It features a funny Fashionable Dictionary which highlights the way many people have distorted language. It also has a Wooly-thinkers Guide to Rhetoric.
I'm finding useful and interesting connections and arguments.
For instance Meera Nanda's article on Postmodernism, Science and Religious Fundamentalism has an interesting look at the academic discipline of "science studies"
Science studies, as I said, is not an ordinary academic discipline. It constitutes the beating heart of postmodernism, for it aims to “deconstruct” natural science, the very core of a secular and modern worldview. Since its inception in the 1970s, the discipline has produced a sizeable body of work that purports to show that not just the agenda, but even the content of theories of natural sciences is “socially constructed.” All knowledge, in different cultures, or different historical times - regardless of whether it is true or false, rational or irrational, successful or not in producing reliable knowledge - is to be explained by the same causes. This demand for “symmetry” between modern science and other local knowledges constitutes the central demand of the “strong programme,” the central dogma of science studies. One cannot assume that only false beliefs or failed sciences (e.g., astrology) are caused by a lack of systematic empirical testing, or by faulty reasoning, or by class interests, religious indoctrination or other forms of social conditioning. A truly “scientific” approach to science requires that we suspend our preconceived faith that what is scientific by the standards of modern science of our times brings us any closer to truth. In the spirit of true scientific impartiality and objectivity, science studies demand that modern science be treated “symmetrically,” as being “at par” with any other local knowledge.
The links took me to some useful and interesting off-site essays such as Wendy Kaminer on The Last Taboo which says in part:
Obviously, people carry their faith in God, Satan, crystals or UFOs into town meetings, community organizations and voting booths. Obviously, a core belief in the supernatural is not severable from beliefs about the natural world and the social order. It is the inevitable effect of religion on public policy that makes it a matter of public concern. Advocates of religiosity extol the virtues or moral habits that religion is supposed to instill in us. But we should be equally concerned with the intellectual habits it discourages.Religions, of course, have their own demanding intellectual traditions, as Jesuits and Talmudic scholars might attest. Smart people do believe in Gods and devote themselves to uncovering Their truths. But, in its less rigorous, popular forms, religion is about as intellectually challenging as the average self-help book. (Like personal development literature, mass market books about spirituality and religion celebrate emotionalism and denigrate reason. They elevate the "truths" of myths and parables over empiricism.) In its more authoritarian forms, religion punishes questioning and rewards gullibility. Faith is not a function of stupidity but a frequent cause of it.

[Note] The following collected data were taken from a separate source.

text \<open>Jacobi's complementary minor theorem for 2 x 2 blocks.\<close>
lemma ring_unit_inverse_entry:
  fixes M N :: "nat \<Rightarrow> nat \<Rightarrow> 'a::ring_1"
  assumes P: "perm3 p0 p1 p2" and Q: "perm3 q0 q1 q2" and inv: "is_inverse 3 M N"
    and A: "inverse2 (M p1 q1) (M p1 q2) (M p2 q1) (M p2 q2) e f g h"
  shows "ring_unit (N q0 p0)"
proof -
  have lt: "p0 < 3" "p1 < 3" "p2 < 3" "q0 < 3" "q1 < 3" "q2 < 3"
    "p1 \<noteq> p0" "p2 \<noteq> p0" "q0 \<noteq> q1" "q0 \<noteq> q2" using P Q unfolding perm3_def by auto
  note MN = is_inverse_3_entry[OF inv Q] and NM = is_inverse_3_entry[OF is_inverse_sym[OF inv] P]
  note E = A[unfolded inverse2_def]
  have "(M p0 q0 - M p0 q1*(e*M p1 q0 + f*M p2 q0) - M p0 q2*(g*M p1 q0 + h*M p2 q0)) * N q0 p0 = 1"
    by (rule block_eliminate_left) (use E MN[of p1 p0] MN[of p2 p0] MN[of p0 p0] lt in simp_all)
  moreover have "N q0 p0 * (M p0 q0 - M p0 q1*(e*M p1 q0 + f*M p2 q0) - M p0 q2*(g*M p1 q0 + h*M p2 q0)) = 1"
    by (rule block_eliminate_right) (use E NM[of q0 q1] NM[of q0 q2] NM[of q0 q0] lt in simp_all)
  ultimately show ?thesis by (blast intro: ring_unitI)
qed

lemma all_square_submatrices_invertible_unit:
  fixes M :: "nat \<Rightarrow> nat \<Rightarrow> 'a::ring_1"
  assumes "all_square_submatrices_invertible M" "i < 3" "j < 3"
  shows "ring_unit (M i j)"
proof -
  have "strict_mono_on {..<1} (\<lambda>_::nat. x)" for x :: nat unfolding strict_mono_on_def by auto
  with assms have "minvertible 1 (\<lambda>a b. M ((\<lambda>_. i) a) ((\<lambda>_. j) b))"
    unfolding all_square_submatrices_invertible_def by (simp add: image_subset_iff)
  then show ?thesis by (simp only: minvertible_1_iff)
qed

lemma all_square_submatrices_invertible_inverse2:
  fixes M :: "nat \<Rightarrow> nat \<Rightarrow> 'a::ring_1"
  assumes "all_square_submatrices_invertible M" "r0 < r1" "r1 < 3" "c0 < c1" "c1 < 3"
  shows "\<exists>e f g h. inverse2 (M r0 c0) (M r0 c1) (M r1 c0) (M r1 c1) e f g h"
proof -
  define r where "r = (\<lambda>a::nat. if a = 0 then r0 else r1)"
  define c where "c = (\<lambda>a::nat. if a = 0 then c0 else c1)"
  have "strict_mono_on {..<2} r" "strict_mono_on {..<2} c"
    "r ` {..<2} \<subseteq> {..<3}" "c ` {..<2} \<subseteq> {..<3}"
    using assms(2-5) unfolding r_def c_def strict_mono_on_def by (auto simp: less_Suc_eq eval_nat_numeral)
  then have "minvertible 2 (\<lambda>a b. M (r a) (c b))"
    using assms(1) unfolding all_square_submatrices_invertible_def by simp
  then show ?thesis unfolding minvertible_2_iff r_def c_def by simp
qed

The magical thinking encouraged by any belief in the supernatural, combined with the vilification of rationality and skepticism, is more conducive to conspiracy theories than it is to productive political debate. Conspiratorial thinking abounds during this period of spiritual and religious revivalism. And, if only small minorities of Americans ascribe to the most outrageous theories in circulation these days -- that a cabal of Jewish bankers run the world, that aids was invented in a laboratory by a mad white scientist intent on racial genocide -- consider the number who take at face value claims that Satanists are conspiring to abuse America's children. According to a 1994 survey by Redbook, 70 percent of Americans believed in the existence of Satanic cults engaged in ritual abuse; nearly one-third believed that the FBI and local police were purposefully ignoring their crimes. (They would probably not be convinced by a recent FBI report finding no evidence to substantiate widespread rumors of Satanic abuse.) As Debbie Nathan and Michael Snedeker report in Satan's Silence, these beliefs infect public life in the form of baseless prosecutions and convictions. If religion engenders civic virtue, by imparting "good" values, it also encourages public hysteria by sanctifying bad thinking.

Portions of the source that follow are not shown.